§ **Task statement**
The entries below must be copied exactly as they are.

§ **The input**
lemma g_alpha_le_quadratic:
  assumes "\<alpha> > 0" "\<bar>y\<bar> \<le> R"
  shows "g_alpha \<alpha> y \<le> exp (\<alpha> * R) * \<alpha> * y\<^sup>2 / 2"
proof -
  obtain t where t: "\<bar>t\<bar> \<le> \<bar>\<alpha> * y\<bar>"
    and taylor: "exp (\<alpha> * y) = (\<Sum>m<2. (\<alpha> * y) ^ m / fact m) + exp t / fact 2 * (\<alpha> * y)\<^sup>2"
    using Maclaurin_exp_le[of "\<alpha> * y" 2] by blast
  have remainder: "exp (\<alpha> * y) - \<alpha> * y - 1 = exp t / 2 * (\<alpha> * y)\<^sup>2"
    using taylor by (simp add: numeral_2_eq_2)
  have "\<bar>\<alpha> * y\<bar> \<le> \<alpha> * R"
    using assms by (simp add: abs_mult mult_left_mono)
  with t have "exp t \<le> exp (\<alpha> * R)"
    by simp
  then have "exp t / 2 * (\<alpha> * y)\<^sup>2 \<le> exp (\<alpha> * R) / 2 * (\<alpha> * y)\<^sup>2"
    by (intro mult_right_mono) auto
  then have "exp (\<alpha> * y) - \<alpha> * y - 1 \<le> \<alpha> * (exp (\<alpha> * R) * \<alpha> * y\<^sup>2 / 2)"
    using remainder by (simp add: power2_eq_square algebra_simps)
  then show ?thesis
    using assms by (simp add: g_alpha_def field_simps)
qed

lemma integrable_square_diff:
  fixes f g :: "'a \<Rightarrow> real"
  assumes [measurable]: "f \<in> borel_measurable M" "g \<in> borel_measurable M"
    and "integrable M (\<lambda>x. (f x)\<^sup>2)" "integrable M (\<lambda>x. (g x)\<^sup>2)"
  shows "integrable M (\<lambda>x. (f x - g x)\<^sup>2)"
proof (rule Bochner_Integration.integrable_bound)
  show "integrable M (\<lambda>x. 2 * (f x)\<^sup>2 + 2 * (g x)\<^sup>2)"
    using assms(3,4) by auto
  have "(a - b)\<^sup>2 \<le> 2 * a\<^sup>2 + 2 * b\<^sup>2" for a b :: real
    using zero_le_power2[of "a + b"] by (simp add: power2_eq_square algebra_simps)
  then show "AE x in M. norm ((f x - g x)\<^sup>2) \<le> norm (2 * (f x)\<^sup>2 + 2 * (g x)\<^sup>2)"
    by simp
qed measurable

§ **Answer to this task**
lemma g_alpha_le_quadratic:
  assumes "\<alpha> > 0" "\<bar>y\<bar> \<le> R"
  shows "g_alpha \<alpha> y \<le> exp (\<alpha> * R) * \<alpha> * y\<^sup>2 / 2"
proof -
  obtain t where t: "\<bar>t\<bar> \<le> \<bar>\<alpha> * y\<bar>"
    and taylor: "exp (\<alpha> * y) = (\<Sum>m<2. (\<alpha> * y) ^ m / fact m) + exp t / fact 2 * (\<alpha> * y)\<^sup>2"
    using Maclaurin_exp_le[of "\<alpha> * y" 2] by blast
  have remainder: "exp (\<alpha> * y) - \<alpha> * y - 1 = exp t / 2 * (\<alpha> * y)\<^sup>2"
    using taylor by (simp add: numeral_2_eq_2)
  have "\<bar>\<alpha> * y\<bar> \<le> \<alpha> * R"
    using assms by (simp add: abs_mult mult_left_mono)
  with t have "exp t \<le> exp (\<alpha> * R)"
    by simp
  then have "exp t / 2 * (\<alpha> * y)\<^sup>2 \<le> exp (\<alpha> * R) / 2 * (\<alpha> * y)\<^sup>2"
    by (intro mult_right_mono) auto
  then have "exp (\<alpha> * y) - \<alpha> * y - 1 \<le> \<alpha> * (exp (\<alpha> * R) * \<alpha> * y\<^sup>2 / 2)"
    using remainder by (simp add: power2_eq_square algebra_simps)
  then show ?thesis
    using assms by (simp add: g_alpha_def field_simps)
qed

lemma integrable_square_diff:
  fixes f g :: "'a \<Rightarrow> real"
  assumes [measurable]: "f \<in> borel_measurable M" "g \<in> borel_measurable M"
    and "integrable M (\<lambda>x. (f x)\<^sup>2)" "integrable M (\<lambda>x. (g x)\<^sup>2)"
  shows "integrable M (\<lambda>x. (f x - g x)\<^sup>2)"
proof (rule Bochner_Integration.integrable_bound)
  show "integrable M (\<lambda>x. 2 * (f x)\<^sup>2 + 2 * (g x)\<^sup>2)"
    using assms(3,4) by auto
  have "(a - b)\<^sup>2 \<le> 2 * a\<^sup>2 + 2 * b\<^sup>2" for a b :: real
    using zero_le_power2[of "a + b"] by (simp add: power2_eq_square algebra_simps)
  then show "AE x in M. norm ((f x - g x)\<^sup>2) \<le> norm (2 * (f x)\<^sup>2 + 2 * (g x)\<^sup>2)"
    by simp
qed measurable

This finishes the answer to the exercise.